Michael believes the meeting will be particularly important to take forward the Healing of Memories ministry that he leads. He said: “I think healing of memories is something whose time has come in the human family. The openness of Pope Francis to meet with someone to talk about healing of memories, especially as he is a giant of compassion and morality in the world and keeps empathising the importance of mercy and compassion, is particularly significant.
“He is someone who is responsive to pain in the human family and I think it is singularly appropriate to have this conversation with him.”
Father Michael will be giving the Pope a copy of his memoirs, Redeeming the Past: My Journey from Freedom Fighter to Healer, in both Spanish and English, that tells his story and the story of the work of Healing of Memories across the world.
“I will be sharing some of the work we do across the world,” he said. “I want to thank Pope Francis for the way he has called for humane responses – especially to refugees, at a time when there are more refugees than at any time in world history – calling our governments for a more humane general response.”
Michael said he hoped to raise the issues of childhood trauma and gender-based violence, which he said are two particularly dominant narratives within their work.

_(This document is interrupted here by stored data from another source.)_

(* Let $\mathbb{F}\in\{\mathbb{R},\mathbb{C}\}$ and let $p,q,r,s\in\mathbb{F}$ with $r\neq s^2$, $q\neq s^3$, or $p\neq s^4$. Let $\delta$ be the space quartic in $\mathbb{F}\mathbb{P}^3$ parametrised by $t\mapsto[t^4-p,\,t^3+q,\,t^2-r,\,t+s]$, $t\in\mathbb{F}$. A plane intersects $\delta$ in four points parametrised by $t_1,t_2,t_3,t_4$, counting multiplicity, if and only if $$F(t_1,t_2,t_3,t_4):=t_1t_2t_3t_4+s\sum_{i<j<k}t_it_jt_k+r\sum_{i<j}t_it_j+q\sum_i t_i+p=0.$$ In particular, if $t_1,t_2,t_3$ are distinct, then $F(t_1,t_1,t_2,t_3)=0$ if and only if the plane through the points with parameters $t_1,t_2,t_3$ intersects $\delta$ only in those three points and contains the tangent line of $\delta$ at $t_1$.
   Context: A space quartic is an irreducible non-planar curve of degree $4$ in projective $3$-space. *)

theory Defs
  imports "HOL-Computational_Algebra.Polynomial"
begin

text \<open>Homogeneous coordinates in FP^3 are quadruples; a plane is given by a
  nonzero coefficient quadruple a, and a point x lies on it iff
  pairing a x = 0.\<close>

type_synonym 'a quad = "'a \<times> 'a \<times> 'a \<times> 'a"

fun pairing :: "'a::comm_ring_1 quad \<Rightarrow> 'a quad \<Rightarrow> 'a" where
  "pairing (a0, a1, a2, a3) (x0, x1, x2, x3) = a0 * x0 + a1 * x1 + a2 * x2 + a3 * x3"

definition delta :: "'a::comm_ring_1 \<Rightarrow> 'a \<Rightarrow> 'a \<Rightarrow> 'a \<Rightarrow> 'a \<Rightarrow> 'a quad" where
  "delta p q r s t = (t ^ 4 - p, t ^ 3 + q, t ^ 2 - r, t + s)"

definition delta_tangent :: "'a::comm_ring_1 \<Rightarrow> 'a quad" where
  "delta_tangent t = (4 * t ^ 3, 3 * t ^ 2, 2 * t, 1)"

definition delta_infinity :: "'a::comm_ring_1 quad" where
  "delta_infinity = (1, 0, 0, 0)"

text \<open>The intersection polynomial of the plane a with the curve:
  its value at t is pairing a (delta p q r s t).\<close>
fun plane_poly :: "'a::comm_ring_1 \<Rightarrow> 'a \<Rightarrow> 'a \<Rightarrow> 'a \<Rightarrow> 'a quad \<Rightarrow> 'a poly" where
  "plane_poly p q r s (a0, a1, a2, a3) =
     smult a0 [:-p, 0, 0, 0, 1:] + smult a1 [:q, 0, 0, 1:] + smult a2 [:-r, 0, 1:] + smult a3 [:s, 1:]"

text \<open>The plane a meets the quartic in exactly the four points with parameters
  t1,t2,t3,t4, counted with multiplicity: the intersection polynomial has degree 4
  (so the point at infinity is not on the plane) and its root multiplicities are
  given by the multiset {t1,t2,t3,t4}.\<close>
definition meets_in_four :: "'a::idom \<Rightarrow> 'a \<Rightarrow> 'a \<Rightarrow> 'a \<Rightarrow> 'a quad \<Rightarrow> 'a \<Rightarrow> 'a \<Rightarrow> 'a \<Rightarrow> 'a \<Rightarrow> bool" where
  "meets_in_four p q r s a t1 t2 t3 t4 \<longleftrightarrow>
     a \<noteq> (0, 0, 0, 0) \<and> degree (plane_poly p q r s a) = 4 \<and>
     (\<forall>x. order x (plane_poly p q r s a) = count {#t1, t2, t3, t4#} x)"

definition Fq :: "'a::comm_ring_1 \<Rightarrow> 'a \<Rightarrow> 'a \<Rightarrow> 'a \<Rightarrow> 'a \<Rightarrow> 'a \<Rightarrow> 'a \<Rightarrow> 'a \<Rightarrow> 'a" where
  "Fq p q r s t1 t2 t3 t4 =
     t1 * t2 * t3 * t4
     + s * (t1 * t2 * t3 + t1 * t2 * t4 + t1 * t3 * t4 + t2 * t3 * t4)
     + r * (t1 * t2 + t1 * t3 + t1 * t4 + t2 * t3 + t2 * t4 + t3 * t4)
     + q * (t1 + t2 + t3 + t4)
     + p"

end

theory Submission
  imports Defs
begin

text \<open>A point \<open>delta t\<close> lies on the plane \<open>a\<close> iff \<open>t\<close> is a root of the intersection
  polynomial \<open>P\<^sub>a = plane_poly p q r s a\<close>, whose derivative encodes the tangent line and whose
  leading coefficient \<open>a\<^sub>0\<close> vanishes iff the plane passes through the point \<open>[1,0,0,0]\<close> at
  infinity. Hence the plane meets the quartic exactly in \<open>t\<^sub>1,\<dots>,t\<^sub>4\<close> iff
  \<open>P\<^sub>a = a\<^sub>0 (X - t\<^sub>1)\<cdots>(X - t\<^sub>4)\<close>. Comparing the coefficients of \<open>X,\<dots>,X\<^sup>4\<close> forces
  \<open>a = a\<^sub>0 (1, -e\<^sub>1, e\<^sub>2, -e\<^sub>3)\<close> in the elementary symmetric functions of the \<open>t\<^sub>i\<close>, and the
  constant coefficients then agree iff \<open>F(t\<^sub>1,t\<^sub>2,t\<^sub>3,t\<^sub>4) = 0\<close>. For the second claim, containing
  the tangent line at \<open>t\<^sub>1\<close> means that \<open>t\<^sub>1\<close> is a double root, so the same argument applies
  to the multiset \<open>{t\<^sub>1,t\<^sub>1,t\<^sub>2,t\<^sub>3}\<close>.\<close>

lemma linear_factors_nonzero:
  "(\<Prod>x\<in>#M. [:-x, 1::'a::idom:]) \<noteq> 0"
  by (auto simp: prod_mset_zero_iff)

lemma proots_linear_factors:
  "proots (\<Prod>x\<in>#M. [:-x, 1::'a::idom:]) = M"
  by (induction M) (simp_all del: mult_pCons_left add: proots_mult[OF _ linear_factors_nonzero])

lemma order_linear_factors:
  "order y (\<Prod>x\<in>#M. [:-x, 1::'a::idom:]) = count M y"
  by (metis count_proots linear_factors_nonzero proots_linear_factors)

lemma poly_linear_factors_eq_0_iff:
  "poly (\<Prod>x\<in>#M. [:-x, 1::'a::idom:]) y = 0 \<longleftrightarrow> y \<in># M"
  by (auto simp: poly_prod_mset prod_mset_zero_iff)

lemma degree_linear_factors:
  "degree (\<Prod>x\<in>#M. [:-x, 1::'a::idom:]) = size M"
  by (induction M) (simp_all del: mult_pCons_left add: degree_mult_eq[OF _ linear_factors_nonzero])

lemma lead_coeff_linear_factors:
  "lead_coeff (\<Prod>x\<in>#M. [:-x, 1::'a::idom:]) = 1"
  by (induction M) (simp_all del: mult_pCons_left add: lead_coeff_mult)

lemma linear_factors_dvd:
  fixes p :: "'a::idom poly"
  assumes "M \<subseteq># proots p"
  shows "(\<Prod>x\<in>#M. [:-x, 1:]) dvd p"
  using assms
proof (induction M arbitrary: p)
  case empty
  show ?case by simp
next
  case (add x M)
  show ?case
  proof (cases "p = 0")
    case False
    then have "poly p x = 0"
      using add.prems by (auto dest: mset_subset_eq_insertD)
    then obtain q where p: "p = [:-x, 1:] * q"
      by (metis dvdE poly_eq_0_iff_dvd)
    with False have "q \<noteq> 0" by auto
    then have "proots p = add_mset x (proots q)"
      by (simp del: mult_pCons_left add: p proots_mult)
    then have "(\<Prod>x\<in>#M. [:-x, 1:]) dvd q"
      using add.prems by (intro add.IH) simp
    then show ?thesis by (simp del: mult_pCons_left add: p)
  qed simp
qed

lemma eq_smult_linear_factors:
  fixes p :: "'a::idom poly"
  assumes "M \<subseteq># proots p" and "size M = degree p"
  shows "p = smult (lead_coeff p) (\<Prod>x\<in>#M. [:-x, 1:])"
proof -
  let ?L = "\<Prod>x\<in>#M. [:-x, 1:]"
  obtain k where p: "p = ?L * k"
    using linear_factors_dvd[OF assms(1)] by (elim dvdE)
  show ?thesis
  proof (cases "k = 0")
    case False
    then have "degree k = 0"
      using assms(2)
      by (simp add: p degree_mult_eq[OF linear_factors_nonzero False] degree_linear_factors)
    then obtain c where "k = [:c:]" by (rule degree_eq_zeroE)
    then show ?thesis
      by (simp add: p lead_coeff_mult lead_coeff_linear_factors)
  qed (simp add: p)
qed

lemma order_ge_2_iff:
  fixes p :: "'a::{idom, semiring_char_0} poly"
  assumes "pderiv p \<noteq> 0"
  shows "2 \<le> order x p \<longleftrightarrow> poly p x = 0 \<and> poly (pderiv p) x = 0"
proof -
  have "p \<noteq> 0" using assms by auto
  then show ?thesis
    using order_pderiv[of p x] order_root[of p x] order_root[of "pderiv p" x] assms
    by (cases "poly p x = 0") (auto simp: order_0I)
qed

lemma plane_poly_coeffs:
  "plane_poly p q r s (a0, a1, a2, a3) = [:-a0 * p + a1 * q - a2 * r + a3 * s, a3, a2, a1, a0:]"
  by simp

lemma poly_plane_poly:
  "poly (plane_poly p q r s a) t = pairing a (delta p q r s t)"
  by (cases a) (simp add: delta_def algebra_simps eval_nat_numeral)

lemma poly_pderiv_plane_poly:
  "poly (pderiv (plane_poly p q r s a)) t = pairing a (delta_tangent t)"
  by (cases a) (simp add: delta_tangent_def pderiv_pCons algebra_simps eval_nat_numeral)

lemma degree_plane_poly:
  assumes "pairing a delta_infinity \<noteq> 0"
  shows "degree (plane_poly p q r s a) = 4"
  using assms by (cases a) (simp add: delta_infinity_def)

definition quartic_plane :: "'a::comm_ring_1 \<Rightarrow> 'a \<Rightarrow> 'a \<Rightarrow> 'a \<Rightarrow> 'a quad" where
  "quartic_plane t1 t2 t3 t4 =
     (1, -(t1 + t2 + t3 + t4), t1 * t2 + t1 * t3 + t1 * t4 + t2 * t3 + t2 * t4 + t3 * t4,
      -(t1 * t2 * t3 + t1 * t2 * t4 + t1 * t3 * t4 + t2 * t3 * t4))"

lemma linear_factors_4:
  "(\<Prod>t\<in>#{#t1, t2, t3, t4#}. [:-t, 1:]) =
     [:t1 * t2 * t3 * t4, -(t1 * t2 * t3 + t1 * t2 * t4 + t1 * t3 * t4 + t2 * t3 * t4),
       t1 * t2 + t1 * t3 + t1 * t4 + t2 * t3 + t2 * t4 + t3 * t4, -(t1 + t2 + t3 + t4), 1::'a::comm_ring_1:]"
  by (simp add: algebra_simps)

lemma plane_poly_quartic_plane:
  "plane_poly p q r s (quartic_plane t1 t2 t3 t4) =
     (\<Prod>t\<in>#{#t1, t2, t3, t4#}. [:-t, 1:]) - [:Fq p q r s t1 t2 t3 t4:]"
  unfolding quartic_plane_def plane_poly_coeffs linear_factors_4 Fq_def
  by (simp add: algebra_simps)

lemma Fq_eq_0_if_plane_poly_eq_smult:
  fixes p q r s :: "'a::idom"
  assumes "plane_poly p q r s a = smult c (\<Prod>t\<in>#{#t1, t2, t3, t4#}. [:-t, 1:])" and "c \<noteq> 0"
  shows "Fq p q r s t1 t2 t3 t4 = 0"
proof -
  obtain a0 a1 a2 a3 where a: "a = (a0, a1, a2, a3)" by (cases a)
  have "-a0 * p + a1 * q - a2 * r + a3 * s = c * (t1 * t2 * t3 * t4)
    \<and> a3 = c * -(t1 * t2 * t3 + t1 * t2 * t4 + t1 * t3 * t4 + t2 * t3 * t4)
    \<and> a2 = c * (t1 * t2 + t1 * t3 + t1 * t4 + t2 * t3 + t2 * t4 + t3 * t4)
    \<and> a1 = c * -(t1 + t2 + t3 + t4) \<and> a0 = c"
    using assms(1)
    unfolding a plane_poly_coeffs linear_factors_4 smult_pCons pCons_eq_iff mult_1_right
    by blast
  then have "c * Fq p q r s t1 t2 t3 t4 = 0"
    unfolding Fq_def by algebra
  with assms(2) show ?thesis by simp
qed

lemma meets_in_four_iff_Fq_eq_0:
  fixes p q r s :: "'a::idom"
  shows "(\<exists>a. meets_in_four p q r s a t1 t2 t3 t4) \<longleftrightarrow> Fq p q r s t1 t2 t3 t4 = 0"
proof
  assume "\<exists>a. meets_in_four p q r s a t1 t2 t3 t4"
  then obtain a where deg: "degree (plane_poly p q r s a) = 4"
    and ord: "\<And>x. order x (plane_poly p q r s a) = count {#t1, t2, t3, t4#} x"
    unfolding meets_in_four_def by blast
  define P where "P = plane_poly p q r s a"
  have "P \<noteq> 0" using deg by (auto simp: P_def)
  then have "proots P = {#t1, t2, t3, t4#}"
    by (intro multiset_eqI) (simp add: P_def ord)
  then have "P = smult (lead_coeff P) (\<Prod>t\<in>#{#t1, t2, t3, t4#}. [:-t, 1:])"
    using deg by (intro eq_smult_linear_factors) (simp_all add: P_def)
  moreover have "lead_coeff P \<noteq> 0" using \<open>P \<noteq> 0\<close> by simp
  ultimately show "Fq p q r s t1 t2 t3 t4 = 0"
    unfolding P_def by (rule Fq_eq_0_if_plane_poly_eq_smult)
next
  assume "Fq p q r s t1 t2 t3 t4 = 0"
  then have P: "plane_poly p q r s (quartic_plane t1 t2 t3 t4) =
      (\<Prod>t\<in>#{#t1, t2, t3, t4#}. [:-t, 1:])"
    by (simp add: plane_poly_quartic_plane)
  then have "meets_in_four p q r s (quartic_plane t1 t2 t3 t4) t1 t2 t3 t4"
    unfolding meets_in_four_def P degree_linear_factors order_linear_factors
    by (simp add: quartic_plane_def)
  then show "\<exists>a. meets_in_four p q r s a t1 t2 t3 t4" ..
qed

lemma tangent_plane_iff_Fq_eq_0:
  fixes p q r s :: "'a::{idom, ring_char_0}"
  assumes "distinct [t1, t2, t3]"
  shows "Fq p q r s t1 t1 t2 t3 = 0 \<longleftrightarrow>
    (\<exists>a. a \<noteq> (0, 0, 0, 0)
         \<and> pairing a (delta p q r s t1) = 0
         \<and> pairing a (delta p q r s t2) = 0
         \<and> pairing a (delta p q r s t3) = 0
         \<and> pairing a (delta_tangent t1) = 0
         \<and> pairing a delta_infinity \<noteq> 0
         \<and> (\<forall>t. pairing a (delta p q r s t) = 0 \<longrightarrow> t \<in> {t1, t2, t3}))"
  (is "_ \<longleftrightarrow> (\<exists>a. ?tangent_plane a)")
proof
  let ?M = "{#t1, t1, t2, t3#}"
  let ?a = "quartic_plane t1 t1 t2 t3"
  assume "Fq p q r s t1 t1 t2 t3 = 0"
  then have P: "plane_poly p q r s ?a = (\<Prod>t\<in>#?M. [:-t, 1:])"
    by (simp add: plane_poly_quartic_plane)
  have on_plane: "pairing ?a (delta p q r s t) = 0 \<longleftrightarrow> t \<in># ?M" for t
    by (simp only: poly_plane_poly[symmetric] P poly_linear_factors_eq_0_iff)
  have "pderiv (plane_poly p q r s ?a) \<noteq> 0"
    by (simp only: pderiv_eq_0_iff P degree_linear_factors) simp
  moreover have "2 \<le> order t1 (plane_poly p q r s ?a)"
    by (simp only: P order_linear_factors) simp
  ultimately have "pairing ?a (delta_tangent t1) = 0"
    by (simp add: order_ge_2_iff poly_pderiv_plane_poly)
  moreover have "pairing ?a delta_infinity \<noteq> 0"
    by (simp add: quartic_plane_def delta_infinity_def)
  ultimately have "?tangent_plane ?a"
    using on_plane by (auto simp: quartic_plane_def)
  then show "\<exists>a. ?tangent_plane a" ..
next
  assume "\<exists>a. ?tangent_plane a"
  then obtain a where on_plane: "pairing a (delta p q r s t1) = 0"
      "pairing a (delta p q r s t2) = 0" "pairing a (delta p q r s t3) = 0"
    and tangent: "pairing a (delta_tangent t1) = 0"
    and infinity: "pairing a delta_infinity \<noteq> 0"
    by blast
  define P where "P = plane_poly p q r s a"
  have deg: "degree P = 4"
    using infinity by (simp add: P_def degree_plane_poly)
  then have "P \<noteq> 0" "pderiv P \<noteq> 0" by (auto simp: pderiv_eq_0_iff)
  have "2 \<le> order t1 P"
    using order_ge_2_iff[OF \<open>pderiv P \<noteq> 0\<close>] on_plane tangent
    by (simp add: P_def poly_plane_poly poly_pderiv_plane_poly)
  moreover have "0 < order t2 P" "0 < order t3 P"
    using on_plane \<open>P \<noteq> 0\<close> by (simp_all add: order_gt_0_iff P_def poly_plane_poly)
  ultimately have "{#t1, t1, t2, t3#} \<subseteq># proots P"
    using assms \<open>P \<noteq> 0\<close> by (intro mset_subset_eqI) auto
  then have "P = smult (lead_coeff P) (\<Prod>t\<in>#{#t1, t1, t2, t3#}. [:-t, 1:])"
    using deg by (intro eq_smult_linear_factors) simp_all
  moreover have "lead_coeff P \<noteq> 0" using \<open>P \<noteq> 0\<close> by simp
  ultimately show "Fq p q r s t1 t1 t2 t3 = 0"
    unfolding P_def by (rule Fq_eq_0_if_plane_poly_eq_smult)
qed

text \<open>The hypothesis on \<open>p, q, r, s\<close> only makes \<open>delta\<close> non-planar, a genuine space
  quartic; the two equivalences are pure algebra and hold without it.\<close>

theorem lemma3p2:
  fixes p q r s :: "'a::real_normed_field"
  assumes "r \<noteq> s ^ 2 \<or> q \<noteq> s ^ 3 \<or> p \<noteq> s ^ 4"
  shows "(\<forall>t1 t2 t3 t4. (\<exists>a. meets_in_four p q r s a t1 t2 t3 t4) \<longleftrightarrow> Fq p q r s t1 t2 t3 t4 = 0)
       \<and> (\<forall>t1 t2 t3. distinct [t1, t2, t3] \<longrightarrow>
            (Fq p q r s t1 t1 t2 t3 = 0 \<longleftrightarrow>
             (\<exists>a. a \<noteq> (0, 0, 0, 0)
                  \<and> pairing a (delta p q r s t1) = 0
                  \<and> pairing a (delta p q r s t2) = 0
                  \<and> pairing a (delta p q r s t3) = 0
                  \<and> pairing a (delta_tangent t1) = 0
                  \<and> pairing a delta_infinity \<noteq> 0
                  \<and> (\<forall>t. pairing a (delta p q r s t) = 0 \<longrightarrow> t \<in> {t1, t2, t3}))))"
  by (intro conjI allI impI meets_in_four_iff_Fq_eq_0 tangent_plane_iff_Fq_eq_0)

end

He said: “Pope Francis has challenged the human family and also been able to inspire and encourage. I want to appreciate that he’s brought into the Catholic catechism an opposition to the death penalty, that is encouraging.”
Michael was a student in Durban, South Africa in 1973. During the height of apartheid repression, he became chaplain to students at both black and white universities in Durban and began to speak out on behalf of schoolchildren who were being shot, detained and tortured. In 1976 he was exiled by the South African Government for his anti-apartheid activities. He joined the African National Congress (ANC) while living in Lesotho and became one of their chaplains. Whilst living in Zimbabwe he discovered he was on the South African Government hit list. Three months after Nelson Mandela’s release from prison in 1990 he received a letter bomb in the post, hidden inside the pages of two religious magazines and was badly injured.
He said: “What enabled me to make a redemptive response was the prayer love and support of people across the world. My journey has been a journey from being a survivor to being a victor. In a way I would say I was accompanied by people across the world on my journey of healing and in the work I’m doing now I’m returning the compliment of creating safe and sacred places where people can deal with what has happened to them.”
Michael founded the Institute for the Healing of Memories, a social healing NGO in South Africa and the United States. The ministry includes workshops where people can deal with how the past has affected them individually, psychologically, emotionally and spiritually. It welcomes people from across the world and is also active in a number of countries including Sri Lanka, Myanmar, Burundi and Rwanda.